*Exercise description:*
Return every line below in which "blast" appears.
○ ○ ○
(* With $\mathsf{S}_-(\mathsf{H},\zeta)$ and $\mathsf{S}_+(\mathsf{H},\zeta)$ the odd and even Hopf subalgebras, one has: (1) $\mathrm{S}(\mathrm{O}(V))\subseteq\mathsf{S}_-(\mathrm{S}(V),\zeta_{\mathrm{S}(V)})$ and $\mathrm{S}(\mathrm{E}(V))\subseteq\mathsf{S}_+(\mathrm{S}(V),\zeta_{\mathrm{S}(V)})$; (2) $\mathrm{T}(\mathrm{O}(V))\subseteq\mathsf{S}_-(\mathrm{T}(V),\zeta_{\mathrm{T}(V)})$ and $\mathrm{T}(\mathrm{E}(V))\subseteq\mathsf{S}_+(\mathrm{T}(V),\zeta_{\mathrm{T}(V)})$; (3) $\mathrm{Sym}(\mathrm{O}(V))\subseteq\mathsf{S}_-(\mathrm{Sym}(V),\zeta_{\mathrm{Sym}(V)})$ and $\mathrm{Sym}(\mathrm{E}(V))\subseteq\mathsf{S}_+(\mathrm{Sym}(V),\zeta_{\mathrm{Sym}(V)})$.
   Context: For a combinatorial Hopf algebra $(\mathsf{H},\zeta)$ ($\mathsf{H}$ graded connected, $\zeta$ a character), $\bar\zeta|_{\mathsf{H}_n}=(-1)^n\zeta|_{\mathsf{H}_n}$, $\zeta^{-1}=\zeta\circ\mathcal{S}$, and $\mathsf{S}_-(\mathsf{H},\zeta)$ (resp. $\mathsf{S}_+$) is the largest subcoalgebra in $\ker(\overline{\zeta^{-1}}-\zeta)$ (resp. $\ker(\bar\zeta-\zeta)$). $V$ is a graded vector space with homogeneous basis $\{v_i\}$. $\mathrm{S}(V)$ is the shuffle algebra on words $v_\alpha$ (product: sum over all shuffles of the two words, i.e. interleavings preserving order within each; coproduct: deconcatenation), with character $\zeta_{\mathrm{S}(V)}=\zeta_{\mathrm{QSym}}\circ\Phi_{\mathrm{S}(V)}$ where $\Phi_{\mathrm{S}(V)}(v_\alpha)=S_{(\deg v_{\alpha_1},\dots,\deg v_{\alpha_\ell})}$ (shuffle basis of $\mathrm{QSym}$) and $\zeta_{\mathrm{QSym}}(f)=f(1,0,0,\dots)$. $\mathrm{T}(V)$ is the tensor algebra (concatenation product, $v_i$ primitive) with character $\zeta_{\mathrm{T}(V)}(v_i)=1/\deg(v_i)$ extended multiplicatively; $\mathrm{Sym}(V)=\mathrm{T}(V)/\langle v_iv_j-v_jv_i\rangle$ with induced character $\zeta_{\mathrm{Sym}(V)}(\overline{v_i})=1/\deg(v_i)$. $\mathrm{S}(\mathrm{O}(V))$, $\mathrm{T}(\mathrm{O}(V))$, $\mathrm{Sym}(\mathrm{O}(V))$ (resp. with $\mathrm{E}$) are spanned by the words (classes) all of whose letters have odd (resp. even) degree. *)

theory Defs
  imports Main "HOL-Library.Multiset"
begin

text \<open>A vector space with basis indexed by type 'b over a field 'k is modelled as the
finitely supported functions 'b => 'k (coefficients w.r.t. the basis).\<close>

definition fsupp :: "('b \<Rightarrow> 'k::zero) \<Rightarrow> 'b set" where
  "fsupp f = {b. f b \<noteq> 0}"

definition vecs :: "('b \<Rightarrow> 'k::zero) set" where
  "vecs = {f. finite (fsupp f)}"

definition lin_span :: "('b \<Rightarrow> 'k::field) set \<Rightarrow> ('b \<Rightarrow> 'k) set" where
  "lin_span A = {f. \<exists>F c. finite F \<and> F \<subseteq> A \<and> f = (\<lambda>b. \<Sum>g\<in>F. c g * g b)}"

definition subspace_of :: "('b \<Rightarrow> 'k::field) set \<Rightarrow> bool" where
  "subspace_of C \<longleftrightarrow> C \<subseteq> vecs \<and> (\<lambda>_. 0) \<in> C
     \<and> (\<forall>f\<in>C. \<forall>g\<in>C. (\<lambda>b. f b + g b) \<in> C)
     \<and> (\<forall>a. \<forall>f\<in>C. (\<lambda>b. a * f b) \<in> C)"

definition tens :: "('b \<Rightarrow> 'k::field) \<Rightarrow> ('b \<Rightarrow> 'k) \<Rightarrow> ('b \<times> 'b \<Rightarrow> 'k)" where
  "tens f g = (\<lambda>(x, y). f x * g y)"

definition tensor_sq :: "('b \<Rightarrow> 'k::field) set \<Rightarrow> ('b \<times> 'b \<Rightarrow> 'k) set" where
  "tensor_sq C = lin_span {tens f g | f g. f \<in> C \<and> g \<in> C}"

text \<open>A coproduct is given by Delta b = the element of H (x) H (coefficients on pairs of basis
elements), extended linearly.\<close>

definition coprod :: "('b \<Rightarrow> ('b \<times> 'b \<Rightarrow> 'k::field)) \<Rightarrow> ('b \<Rightarrow> 'k) \<Rightarrow> ('b \<times> 'b \<Rightarrow> 'k)" where
  "coprod Delta f = (\<lambda>p. \<Sum>b\<in>fsupp f. f b * Delta b p)"

definition subcoalgebra :: "('b \<Rightarrow> ('b \<times> 'b \<Rightarrow> 'k::field)) \<Rightarrow> ('b \<Rightarrow> 'k) set \<Rightarrow> bool" where
  "subcoalgebra Delta C \<longleftrightarrow> subspace_of C \<and> (\<forall>f\<in>C. coprod Delta f \<in> tensor_sq C)"

text \<open>Linear functionals are given by their values on the basis.\<close>
definition apply_fun :: "('b \<Rightarrow> 'k::field) \<Rightarrow> ('b \<Rightarrow> 'k) \<Rightarrow> 'k" where
  "apply_fun phi f = (\<Sum>b\<in>fsupp f. f b * phi b)"

definition ker_fun :: "('b \<Rightarrow> 'k::field) \<Rightarrow> ('b \<Rightarrow> 'k) set" where
  "ker_fun phi = {f \<in> vecs. apply_fun phi f = 0}"

definition largest_subcoalg :: "('b \<Rightarrow> ('b \<times> 'b \<Rightarrow> 'k::field)) \<Rightarrow> ('b \<Rightarrow> 'k) set \<Rightarrow> ('b \<Rightarrow> 'k) set" where
  "largest_subcoalg Delta K = lin_span (\<Union>{C. subcoalgebra Delta C \<and> C \<subseteq> K})"

definition conv :: "('b \<Rightarrow> ('b \<times> 'b \<Rightarrow> 'k::field)) \<Rightarrow> ('b \<Rightarrow> 'k) \<Rightarrow> ('b \<Rightarrow> 'k) \<Rightarrow> ('b \<Rightarrow> 'k)" where
  "conv Delta phi psi = (\<lambda>b. \<Sum>p\<in>fsupp (Delta b). Delta b p * phi (fst p) * psi (snd p))"

text \<open>Inverse of a character in the convolution algebra (equals zeta o antipode).\<close>
definition conv_inv :: "('b \<Rightarrow> ('b \<times> 'b \<Rightarrow> 'k::field)) \<Rightarrow> ('b \<Rightarrow> 'k) \<Rightarrow> ('b \<Rightarrow> 'k) \<Rightarrow> ('b \<Rightarrow> 'k)" where
  "conv_inv Delta eps zeta = (THE psi. conv Delta zeta psi = eps \<and> conv Delta psi zeta = eps)"
lemma mmul_eq_minus_id_congs:
  assumes p: "p > 0" and sq: "mmul p (a,b,c,d) (e,f,g,h) = minus_id p"
  shows "int p dvd int a * int e + int b * int g + 1" "int p dvd int a * int f + int b * int h"
    "int p dvd int c * int e + int d * int g" "int p dvd int c * int f + int d * int h + 1"
proof -
  show "int p dvd int a * int e + int b * int g + 1" "int p dvd int c * int f + int d * int h + 1"
    using mod_eq_minus_one_dvd[OF p, of "a * e + b * g"] mod_eq_minus_one_dvd[OF p, of "c * f + d * h"] sq
    by (simp_all add: mmul_def)
  show "int p dvd int a * int f + int b * int h" "int p dvd int c * int e + int d * int g"
    using sq by (auto simp: mmul_def mod_eq_0_iff_dvd simp flip: of_nat_mult of_nat_add)
qed

lemma sq_eq_minus_id_trace:
  assumes p: "Factorial_Ring.prime p" "p mod 4 = 3" and sq: "mmul p (a,b,c,d) (a,b,c,d) = minus_id p"
  shows "int p dvd int a + int d"
proof (rule ccontr)
  assume trace: "\<not> int p dvd int a + int d"
  have pr: "Factorial_Ring.prime (int p)" using p by simp
  note congs = mmul_eq_minus_id_congs[OF prime_gt_0_nat[OF p(1)] sq]
  have "int p dvd int b * (int a + int d)" "int p dvd int c * (int a + int d)"
    using congs(2,3) by (simp_all add: algebra_simps)
  then have "int p dvd int b * int c" using trace pr by (simp add: prime_dvd_mult_iff)
  then have "int p dvd (int a)^2 + 1"
    using congs(1) by (metis add.commute add.left_commute dvd_add_right_iff power2_eq_square)
  then show False using minus_one_not_square_mod_prime[OF p] by blast
qed
lemma L_minus_pos_if_lower_translation_bounded:
  assumes \<nu>: "sets \<nu> = sets borel" and "lower_translation_bounded \<nu>"
  shows "0 < L_minus m \<nu>"
proof -
  obtain C B where C: "0 < C" and B: "sym_unit_nbhd B"
    and bounded: "\<And>x. C \<le> emeasure \<nu> ((\<lambda>b. b + x) ` B)"
    using assms(2) unfolding lower_translation_bounded_def by (meson le_INF_iff UNIV_I)
  have "compact B"
    using B by (simp add: sym_unit_nbhd_def)
  then have BB: "compact (setprod B B)"
    by (simp add: compact_setprod)
  have "emeasure m B \<le> emeasure m (setprod B B)"
    using zero_mem_sym_unit_nbhd[OF B] \<open>compact B\<close> \<open>compact B\<close> by (rule emeasure_le_emeasure_setprod)
  then have mBB: "0 < emeasure m (setprod B B)" "emeasure m (setprod B B) < \<infinity>"
    using emeasure_sym_unit_nbhd_pos[OF B] emeasure_compact_finite[OF BB] by simp_all
  have "C / emeasure m (setprod B B) \<le> emeasure \<nu> (setprod B A) / emeasure m A"
    if "A \<in> cpt_pos_sets m" for A
  proof (rule ennreal_divide_le_divide_cross)
    have A: "compact A" "0 < emeasure m A"
      using that by (simp_all add: cpt_pos_sets_def)
    show "C * emeasure m A \<le> emeasure \<nu> (setprod B A) * emeasure m (setprod B B)"
      using \<nu> bounded B A(1) by (rule mult_emeasure_le_setprod_of_translates_ge)
    show "0 < emeasure m A" "emeasure m A < \<infinity>"
      using A emeasure_compact_finite by simp_all
  qed (use mBB in simp)
  then have "C / emeasure m (setprod B B)
      \<le> (INF A\<in>cpt_pos_sets m. emeasure \<nu> (setprod B A) / emeasure m A)"
    by (rule INF_greatest)
  moreover have "B \<in> cpt_sets"
    using \<open>compact B\<close> zero_mem_sym_unit_nbhd[OF B] by (auto simp: cpt_sets_def)
  ultimately have "C / emeasure m (setprod B B) \<le> L_minus m \<nu>"
    unfolding L_minus_def by (blast intro: SUP_upper2)
  moreover have "0 < C / emeasure m (setprod B B)"
    using C mBB(2) by (simp add: ennreal_zero_less_divide)
  ultimately show ?thesis by simp
qed

lemma lower_translation_bounded_if_L_minus_pos:
  assumes lc: "locally_compact_space (euclidean :: 'a topology)"
    and \<nu>: "sets \<nu> = sets borel" and "0 < L_minus m \<nu>"
  shows "lower_translation_bounded \<nu>"
proof -
  obtain K where K: "K \<in> cpt_sets"
    and c: "0 < (INF A\<in>cpt_pos_sets m. emeasure \<nu> (setprod K A) / emeasure m A)"
    using assms(3) unfolding L_minus_def by (auto simp: less_SUP_iff)
  define c where "c = (INF A\<in>cpt_pos_sets m. emeasure \<nu> (setprod K A) / emeasure m A)"
  obtain V :: "'a set" where V: "sym_unit_nbhd V"
    using ex_sym_unit_nbhd[OF lc] by blast
  have "compact K" "compact V"
    using K V by (simp_all add: cpt_sets_def sym_unit_nbhd_def)
  obtain B where B: "sym_unit_nbhd B" and KV: "setprod K V \<subseteq> B"
    using ex_sym_unit_nbhd_superset[OF \<open>compact K\<close> V] by blast
  have mV: "0 < emeasure m V" "emeasure m V < \<infinity>"
    using emeasure_sym_unit_nbhd_pos[OF V] emeasure_compact_finite[OF \<open>compact V\<close>] by simp_all
  have "c * emeasure m V \<le> emeasure \<nu> ((\<lambda>b. b + x) ` B)" for x
  proof -
    have mVx: "emeasure m ((\<lambda>b. b + x) ` V) = emeasure m V"
      using \<open>compact V\<close> by (simp add: emeasure_translation_right borel_compact)
    then have "(\<lambda>b. b + x) ` V \<in> cpt_pos_sets m"
      using \<open>compact V\<close> mV by (simp add: cpt_pos_sets_def compact_translation_right)
    then have "c \<le> emeasure \<nu> (setprod K ((\<lambda>b. b + x) ` V)) / emeasure m V"
      unfolding c_def mVx[symmetric] by (rule INF_lower)
    then have "c * emeasure m V \<le> emeasure \<nu> (setprod K ((\<lambda>b. b + x) ` V))"
      using mV by (rule ennreal_mult_le_of_le_divide)
    also have "\<dots> \<le> emeasure \<nu> ((\<lambda>b. b + x) ` B)"
    proof (rule emeasure_mono)
      show "setprod K ((\<lambda>b. b + x) ` V) \<subseteq> (\<lambda>b. b + x) ` B"
        unfolding setprod_translation_right using KV by (rule image_mono)
      show "(\<lambda>b. b + x) ` B \<in> sets \<nu>"
        using B by (simp add: \<nu> sym_unit_nbhd_def borel_compact compact_translation_right)
    qed
    finally show ?thesis .
  qed
  then have "c * emeasure m V \<le> (INF x. emeasure \<nu> ((\<lambda>b. b + x) ` B))"
    by (rule INF_greatest)
  moreover have "0 < c * emeasure m V"
    using c mV(1) unfolding c_def by (simp add: ennreal_zero_less_mult_iff)
  ultimately show ?thesis
    unfolding lower_translation_bounded_def using B by blast
qed

end

theorem lemma3p8:
  fixes m \<nu> :: "'a::{topological_group_add, t2_space} measure"
  assumes "locally_compact_space (euclidean :: 'a topology)"
    and "haar_measure m"
    and "unimodular m"
    and "sets \<nu> = sets borel"
  shows "(upper_translation_bounded \<nu> \<longleftrightarrow> L_plus m \<nu> < \<infinity>)
    \<and> (lower_translation_bounded \<nu> \<longleftrightarrow> L_minus m \<nu> > 0)
    \<and> (delone_measure \<nu> \<longleftrightarrow> L_minus m \<nu> > 0 \<and> L_plus m \<nu> < \<infinity>)"
proof -
  interpret unimodular_haar m
    using assms(2,3) by unfold_locales
  have upper: "upper_translation_bounded \<nu> \<longleftrightarrow> L_plus m \<nu> < \<infinity>"
    using L_plus_finite_if_upper_translation_bounded upper_translation_bounded_if_L_plus_finite
      assms(1,4) by blast
  have lower: "lower_translation_bounded \<nu> \<longleftrightarrow> L_minus m \<nu> > 0"
    using L_minus_pos_if_lower_translation_bounded lower_translation_bounded_if_L_minus_pos
      assms(1,4) by blast
  show ?thesis
    using upper lower unfolding delone_measure_def by blast
qed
○ ○ ○
*Task response:*
  then show False using minus_one_not_square_mod_prime[OF p] by blast
    unfolding L_minus_def by (blast intro: SUP_upper2)
    using ex_sym_unit_nbhd[OF lc] by blast
    using ex_sym_unit_nbhd_superset[OF \<open>compact K\<close> V] by blast
    unfolding lower_translation_bounded_def using B by blast
      assms(1,4) by blast
      assms(1,4) by blast
    using upper lower unfolding delone_measure_def by blast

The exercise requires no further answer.